**THE DATA:**
=====

(* Let $a<b$ be real numbers and let $f:[a,b]\to\mathbb{R}$ be a convex Riemann integrable function. Then for all $t\in[0,1]$, \[ f(tb+(1-t)a)\le (1-t)\int_0^{1}f\big(t\alpha(b-a)+a\big)\,d\alpha+t\int_0^{1}f\big((1-t)\alpha(b-a)+tb+(1-t)a\big)\, d\alpha \le tf(b)+(1-t)f(a). \] *)

theory Defs
  imports "HOL-Analysis.Analysis"
begin

definition riemann_integrable_on :: "(real \<Rightarrow> real) \<Rightarrow> real set \<Rightarrow> bool" where
  "riemann_integrable_on f S \<longleftrightarrow>
     (\<exists>I. \<forall>e>0. \<exists>d>0. \<forall>D. D tagged_division_of S \<and> (\<lambda>x. ball x d) fine D \<longrightarrow>
        \<bar>(\<Sum>(x,K)\<in>D. measure lborel K * f x) - I\<bar> < e)"

end

theory Submission
  imports Defs
begin

text \<open>With \<open>c = t b + (1 - t) a\<close>, the two integrals are the means of \<open>f\<close> along the segments
  \<open>[a, c]\<close> and \<open>[c, b]\<close>. For the lower bound, \<open>c\<close> is the convex combination with weights
  \<open>1 - t, t\<close> of the point at parameter \<open>\<alpha>\<close> on \<open>[a, c]\<close> and the point at parameter \<open>1 - \<alpha>\<close>
  on \<open>[c, b]\<close>; integrating Jensen's inequality over \<open>\<alpha>\<close> gives it. For the upper bound, the
  mean of a convex function along a segment is at most the average of its endpoint values
  (the right half of Hermite--Hadamard), and \<open>f c \<le> t f b + (1 - t) f a\<close>.\<close>

lemma riemann_integrable_on_imp_integrable_on:
  assumes "riemann_integrable_on f {a..b}"
  shows "f integrable_on {a..b}"
proof -
  from assms obtain I where I: "\<forall>e>0. \<exists>d>0. \<forall>D. D tagged_division_of {a..b} \<and> (\<lambda>x. ball x d) fine D
      \<longrightarrow> \<bar>(\<Sum>(x,K)\<in>D. measure lborel K * f x) - I\<bar> < e"
    unfolding riemann_integrable_on_def by blast
  have "(f has_integral I) {a..b}"
    unfolding has_integral_real
  proof (intro allI impI)
    fix e :: real
    assume "e > 0"
    with I obtain d where "d > 0" and d: "\<forall>D. D tagged_division_of {a..b} \<and> (\<lambda>x. ball x d) fine D
        \<longrightarrow> \<bar>(\<Sum>(x,K)\<in>D. measure lborel K * f x) - I\<bar> < e"
      by blast
    then show "\<exists>\<gamma>. gauge \<gamma> \<and> (\<forall>\<D>. \<D> tagged_division_of {a..b} \<and> \<gamma> fine \<D> \<longrightarrow>
        norm ((\<Sum>(x,k)\<in>\<D>. measure lborel k *\<^sub>R f x) - I) < e)"
      by (intro exI[of _ "\<lambda>x. ball x d"]) (auto simp: gauge_ball)
  qed
  then show ?thesis
    by blast
qed

lemma has_integral_reflect_interval:
  fixes h :: "real \<Rightarrow> 'b::real_normed_vector"
  assumes "(h has_integral i) {a..b}"
  shows "((\<lambda>x. h (a + b - x)) has_integral i) {a..b}"
proof -
  have "((\<lambda>x. h (- x + (a + b))) has_integral i) ((\<lambda>x. - x + (a + b)) ` {a..b})"
    using has_integral_affinity[of h i a b "-1" "a + b"] assms by simp
  moreover have "(\<lambda>x. - x + (a + b)) ` {a..b} = {a..b}"
    by (auto intro!: image_eqI[where x = "a + b - x" for x])
  ultimately show ?thesis
    by (simp add: algebra_simps)
qed

lemma integrable_reflect_unit_interval:
  fixes h :: "real \<Rightarrow> 'b::real_normed_vector"
  assumes "h integrable_on {0..1}"
  shows "(\<lambda>x. h (1 - x)) integrable_on {0..1}"
    and "integral {0..1} (\<lambda>x. h (1 - x)) = integral {0..1} h"
  using has_integral_reflect_interval[OF integrable_integral[OF assms]]
  by (auto simp: integrable_on_def integral_unique)

lemma integrable_on_segment_param:
  fixes f :: "real \<Rightarrow> 'b::banach"
  assumes "f integrable_on {a..b}" and "p \<in> {a..b}" and "q \<in> {a..b}"
  shows "(\<lambda>x. f ((1 - x) * p + x * q)) integrable_on {0..1}"
proof (cases "p = q")
  case True
  then show ?thesis
    by (simp add: algebra_simps integrable_const_ivl)
next
  case False
  then have "(\<lambda>x. f ((q - p) * x + p)) integrable_on (\<lambda>x. (1 / (q - p)) * x - p / (q - p)) ` {a..b}"
    using integrable_on_affinity[of "q - p" f a b p] assms(1) by simp
  moreover have "{0..1} \<subseteq> (\<lambda>x. (1 / (q - p)) * x - p / (q - p)) ` {a..b}"
  proof
    fix y :: real
    assume y: "y \<in> {0..1}"
    have "(1 - y) * p + y * q \<in> {a..b}"
      using convexD_alt[OF convex_real_interval(5) assms(2,3), of y] y by (simp add: algebra_simps)
    moreover have "y = (1 / (q - p)) * ((1 - y) * p + y * q) - p / (q - p)"
      using False by (simp add: divide_simps) (simp add: algebra_simps)
    ultimately show "y \<in> (\<lambda>x. (1 / (q - p)) * x - p / (q - p)) ` {a..b}"
      by blast
  qed
  ultimately have "(\<lambda>x. f ((q - p) * x + p)) integrable_on {0..1}"
    by (rule integrable_on_subinterval)
  then show ?thesis
    by (simp add: algebra_simps)
qed

lemma convex_on_segment_mean_le:
  fixes f :: "'a::real_vector \<Rightarrow> real"
  assumes "convex_on S f" and "p \<in> S" and "q \<in> S"
    and "(\<lambda>x. f ((1 - x) *\<^sub>R p + x *\<^sub>R q)) integrable_on {0..1}"
  shows "integral {0..1} (\<lambda>x. f ((1 - x) *\<^sub>R p + x *\<^sub>R q)) \<le> (f p + f q) / 2"
proof -
  define g where "g x = f ((1 - x) *\<^sub>R p + x *\<^sub>R q)" for x
  have g: "g integrable_on {0..1}"
    using assms(4) by (simp add: g_def [abs_def])
  note g_refl = integrable_reflect_unit_interval[OF g]
  have "g x + g (1 - x) \<le> f p + f q" if "x \<in> {0..1}" for x
    using convex_onD[OF assms(1), of x p q] convex_onD[OF assms(1), of "1 - x" p q] that assms(2,3)
    by (auto simp: g_def algebra_simps)
  then have "integral {0..1} (\<lambda>x. g x + g (1 - x)) \<le> integral {0..1::real} (\<lambda>x. f p + f q)"
    using integrable_add[OF g g_refl(1)] by (intro Henstock_Kurzweil_Integration.integral_le) auto
  then show ?thesis
    using integral_add[OF g g_refl(1)] g_refl(2)
    by (simp add: g_def [abs_def])
qed

lemma convex_on_le_segment_means:
  fixes f :: "'a::real_vector \<Rightarrow> real"
  assumes "convex_on S f" and "a \<in> S" and "b \<in> S" and "t \<in> {0..1}"
    and c: "c = (1 - t) *\<^sub>R a + t *\<^sub>R b"
    and "(\<lambda>x. f ((1 - x) *\<^sub>R a + x *\<^sub>R c)) integrable_on {0..1}"
    and "(\<lambda>x. f ((1 - x) *\<^sub>R c + x *\<^sub>R b)) integrable_on {0..1}"
  shows "f c \<le> (1 - t) * integral {0..1} (\<lambda>x. f ((1 - x) *\<^sub>R a + x *\<^sub>R c))
                + t * integral {0..1} (\<lambda>x. f ((1 - x) *\<^sub>R c + x *\<^sub>R b))"
proof -
  define g1 where "g1 x = f ((1 - x) *\<^sub>R a + x *\<^sub>R c)" for x
  define g2 where "g2 x = f ((1 - x) *\<^sub>R c + x *\<^sub>R b)" for x
  have g1: "g1 integrable_on {0..1}" and g2: "g2 integrable_on {0..1}"
    using assms(6,7) by (simp_all add: g1_def [abs_def] g2_def [abs_def])
  note g2_refl = integrable_reflect_unit_interval[OF g2]
  have "convex S"
    using assms(1) by (rule convex_on_imp_convex)
  have "c \<in> S"
    using convexD_alt[OF \<open>convex S\<close> assms(2,3)] assms(4) c by auto
  have "f c \<le> (1 - t) * g1 x + t * g2 (1 - x)" if x: "x \<in> {0..1}" for x
  proof -
    define u where "u = (1 - x) *\<^sub>R a + x *\<^sub>R c"
    define v where "v = (1 - (1 - x)) *\<^sub>R c + (1 - x) *\<^sub>R b"
    have "c = (1 - t) *\<^sub>R u + t *\<^sub>R v"
      by (simp add: u_def v_def c algebra_simps)
    moreover have "u \<in> S"
      using convexD_alt[OF \<open>convex S\<close> assms(2) \<open>c \<in> S\<close>, of x] x by (simp add: u_def)
    moreover have "v \<in> S"
      using convexD_alt[OF \<open>convex S\<close> \<open>c \<in> S\<close> assms(3), of "1 - x"] x by (simp add: v_def)
    ultimately have "f c \<le> (1 - t) * f u + t * f v"
      using convex_onD[OF assms(1)] assms(4) by simp
    then show ?thesis
      by (simp add: g1_def g2_def u_def v_def)
  qed
  then have "integral {0..1::real} (\<lambda>x. f c) \<le> integral {0..1} (\<lambda>x. (1 - t) * g1 x + t * g2 (1 - x))"
    using integrable_add[OF integrable_on_cmult_left[OF g1] integrable_on_cmult_left[OF g2_refl(1)]]
    by (intro Henstock_Kurzweil_Integration.integral_le) auto
  also have "\<dots> = (1 - t) * integral {0..1} g1 + t * integral {0..1} g2"
    using integral_add[OF integrable_on_cmult_left[OF g1] integrable_on_cmult_left[OF g2_refl(1)]]
      g1 g2_refl by simp
  finally show ?thesis
    by (simp add: g1_def [abs_def] g2_def [abs_def])
qed

lemma segment_means_le_convex_on:
  fixes f :: "'a::real_vector \<Rightarrow> real"
  assumes "convex_on S f" and "a \<in> S" and "b \<in> S" and "t \<in> {0..1}"
    and c: "c = (1 - t) *\<^sub>R a + t *\<^sub>R b"
    and "(\<lambda>x. f ((1 - x) *\<^sub>R a + x *\<^sub>R c)) integrable_on {0..1}"
    and "(\<lambda>x. f ((1 - x) *\<^sub>R c + x *\<^sub>R b)) integrable_on {0..1}"
  shows "(1 - t) * integral {0..1} (\<lambda>x. f ((1 - x) *\<^sub>R a + x *\<^sub>R c))
           + t * integral {0..1} (\<lambda>x. f ((1 - x) *\<^sub>R c + x *\<^sub>R b))
         \<le> (1 - t) * f a + t * f b"
proof -
  have "c \<in> S"
    using convexD_alt[OF convex_on_imp_convex[OF assms(1)] assms(2,3)] assms(4) c by auto
  have "(1 - t) * integral {0..1} (\<lambda>x. f ((1 - x) *\<^sub>R a + x *\<^sub>R c))
      + t * integral {0..1} (\<lambda>x. f ((1 - x) *\<^sub>R c + x *\<^sub>R b))
      \<le> (1 - t) * ((f a + f c) / 2) + t * ((f c + f b) / 2)"
    using convex_on_segment_mean_le[OF assms(1,2) \<open>c \<in> S\<close> assms(6)]
      convex_on_segment_mean_le[OF assms(1) \<open>c \<in> S\<close> assms(3,7)] assms(4)
    by (intro add_mono mult_left_mono) auto
  also have "\<dots> = ((1 - t) * f a + t * f b + f c) / 2"
    by (simp add: field_simps)
  also have "\<dots> \<le> (1 - t) * f a + t * f b"
  proof -
    have "f c \<le> (1 - t) * f a + t * f b"
      using convex_onD[OF assms(1), of t a b] assms(2-4) c by simp
    then show ?thesis
      by (simp add: field_simps)
  qed
  finally show ?thesis .
qed

theorem theorem2p1:
  fixes f :: "real \<Rightarrow> real" and a b t :: real
  assumes "a < b"
    and "convex_on {a..b} f"
    and "riemann_integrable_on f {a..b}"
    and "t \<in> {0..1}"
  shows "f (t * b + (1 - t) * a)
           \<le> (1 - t) * integral {0..1} (\<lambda>\<alpha>. f (t * \<alpha> * (b - a) + a))
             + t * integral {0..1} (\<lambda>\<alpha>. f ((1 - t) * \<alpha> * (b - a) + t * b + (1 - t) * a))
       \<and> (1 - t) * integral {0..1} (\<lambda>\<alpha>. f (t * \<alpha> * (b - a) + a))
             + t * integral {0..1} (\<lambda>\<alpha>. f ((1 - t) * \<alpha> * (b - a) + t * b + (1 - t) * a))
           \<le> t * f b + (1 - t) * f a"
proof -
  define c where "c = t * b + (1 - t) * a"
  have c: "c = (1 - t) *\<^sub>R a + t *\<^sub>R b"
    by (simp add: c_def)
  have ab: "a \<in> {a..b}" "b \<in> {a..b}"
    using assms(1) by auto
  then have "c \<in> {a..b}"
    using convexD_alt[OF convex_real_interval(5) ab] assms(4) c by auto
  have f: "f integrable_on {a..b}"
    using assms(3) by (rule riemann_integrable_on_imp_integrable_on)
  have means: "(\<lambda>\<alpha>. f (t * \<alpha> * (b - a) + a)) = (\<lambda>x. f ((1 - x) *\<^sub>R a + x *\<^sub>R c))"
    "(\<lambda>\<alpha>. f ((1 - t) * \<alpha> * (b - a) + t * b + (1 - t) * a)) = (\<lambda>x. f ((1 - x) *\<^sub>R c + x *\<^sub>R b))"
    by (simp_all add: c_def algebra_simps)
  have "(\<lambda>x. f ((1 - x) *\<^sub>R a + x *\<^sub>R c)) integrable_on {0..1}"
    "(\<lambda>x. f ((1 - x) *\<^sub>R c + x *\<^sub>R b)) integrable_on {0..1}"
    using integrable_on_segment_param[OF f ab(1) \<open>c \<in> {a..b}\<close>]
      integrable_on_segment_param[OF f \<open>c \<in> {a..b}\<close> ab(2)] by simp_all
  from convex_on_le_segment_means[OF assms(2) ab assms(4) c this]
    segment_means_le_convex_on[OF assms(2) ab assms(4) c this]
  show ?thesis
    unfolding means c_def [symmetric] by (simp add: add.commute)
qed

end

=====

Among the lines of the listing above, which ones contain the word "obtain"? Show them.

**EXERCISE ANSWER:**
  from assms obtain I where I: "\<forall>e>0. \<exists>d>0. \<forall>D. D tagged_division_of {a..b} \<and> (\<lambda>x. ball x d) fine D
    with I obtain d where "d > 0" and d: "\<forall>D. D tagged_division_of {a..b} \<and> (\<lambda>x. ball x d) fine D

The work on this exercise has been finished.